Something many companies struggle with is accurate time keeping. Employees have a tendency to work out systems where one will cover for another, particularly if someone is running late. While this is fine in theory, it ultimately costs the company money via lost productivity and employee benefits. However, with the advance of technology, a solution has come to light that ensures employers can accurately measure who was in attendance and who wasn’t.
Allied Time has presented a fingerprint time clock. This biometric clock functions by allowing employees to press their fingers onto the machine in order to sign in. Because fingerprints are unique, there is no way for one employee to ‘buddy punch’ or cover for a friend who may be running late.
Biometric fingerprint scanners are very accurate, able to read the prints of people even if their hands are cracked, wet, dirty, or otherwise faded. The clock can be linked to a computer so that it automatically registers an employee as present.
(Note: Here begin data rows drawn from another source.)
lemma coloring_into_decoded_colouring: "coloring_into r (decoded_colouring c) T"
  unfolding coloring_into_def decoded_colouring_def using colour_of_code_in_T by blast

definition matrix_colour :: "'x \<Rightarrow> ('x, 'l) trace \<Rightarrow> ('x, 'l) trace \<Rightarrow> ('x \<Rightarrow> 'i)
    \<Rightarrow> ('i \<Rightarrow> 'i \<Rightarrow> 'm \<Rightarrow> 't) \<Rightarrow> 'm \<Rightarrow> 't" where
  "matrix_colour j ta tb g \<tau> \<nu> = encode (j, ta, tb, \<lambda>(k, l) \<in> seg j \<times> seg j. \<tau> (g k) (g l) \<nu>)"

lemma matrix_code_in_Codes:
  assumes "j \<in> X" "ta \<in> Traces j" "tb \<in> Traces j" "g ` seg j \<subseteq> I"
    and "\<forall>i\<in>I. \<forall>i'\<in>I. \<forall>x\<in>M. \<tau> i i' x \<in> T" "\<nu> \<in> M"
  shows "(j, ta, tb, \<lambda>(k, l) \<in> seg j \<times> seg j. \<tau> (g k) (g l) \<nu>) \<in> Codes"
proof -
  have "(\<lambda>(k, l) \<in> seg j \<times> seg j. \<tau> (g k) (g l) \<nu>) \<in> Func (seg j \<times> seg j) T"
    using assms(4-6) unfolding Func_def by auto
  then show ?thesis unfolding Codes_def using assms(1-3) by blast
qed

lemma matrix_colour_in_T:
  assumes "j \<in> X" "ta \<in> Traces j" "tb \<in> Traces j" "g ` seg j \<subseteq> I"
    and "\<forall>i\<in>I. \<forall>i'\<in>I. \<forall>x\<in>M. \<tau> i i' x \<in> T" "\<nu> \<in> M"
  shows "matrix_colour j ta tb g \<tau> \<nu> \<in> T"
  unfolding matrix_colour_def using encode_in_T[OF matrix_code_in_Codes[OF assms]] .

lemma decode_matrix_colour:
  assumes "j \<in> X" "ta \<in> Traces j" "tb \<in> Traces j" "g ` seg j \<subseteq> I"
    and "\<forall>i\<in>I. \<forall>i'\<in>I. \<forall>x\<in>M. \<tau> i i' x \<in> T" "\<nu> \<in> M"
  shows "decode (matrix_colour j ta tb g \<tau> \<nu>) = (j, ta, tb, \<lambda>(k, l) \<in> seg j \<times> seg j. \<tau> (g k) (g l) \<nu>)"
  unfolding matrix_colour_def using decode_encode[OF matrix_code_in_Codes[OF assms]] .

definition enum :: "'a rel \<Rightarrow> ('x \<Rightarrow> 'a) \<Rightarrow> 'a set \<Rightarrow> 'x \<Rightarrow> 'a" where
  "enum \<sigma> g a = nth_elem r \<sigma> a \<circ> g"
All an employee has to do is press his finger to the machine again to clock out for lunch or for the day.
Some biometric fingerprint scanners also have a facial recognition system that triggers when a finger is pressed onto the device, ensuring that even if an employee somehow manages to fake their fingerprints, the machine will make a record of who was actually pressing the button.
While these systems are sometimes expensive, their cost is completely deductible from taxes; in addition, the lower-end biometric scanners start as low as $129.00, making it easily affordable for even the most shoestring of budgets.
If you find that your company has attendance problems or issues with chronic buddy punching, consider installing a biometric fingerprint scanner. Not only will this provide more incentive for employees to show up on time, but you’ll be able to tell exactly who is a hard worker and who isn’t based on when they get to work. Any investment you make towards a biometric scanner will more than pay for itself in increased productivity and earned revenue.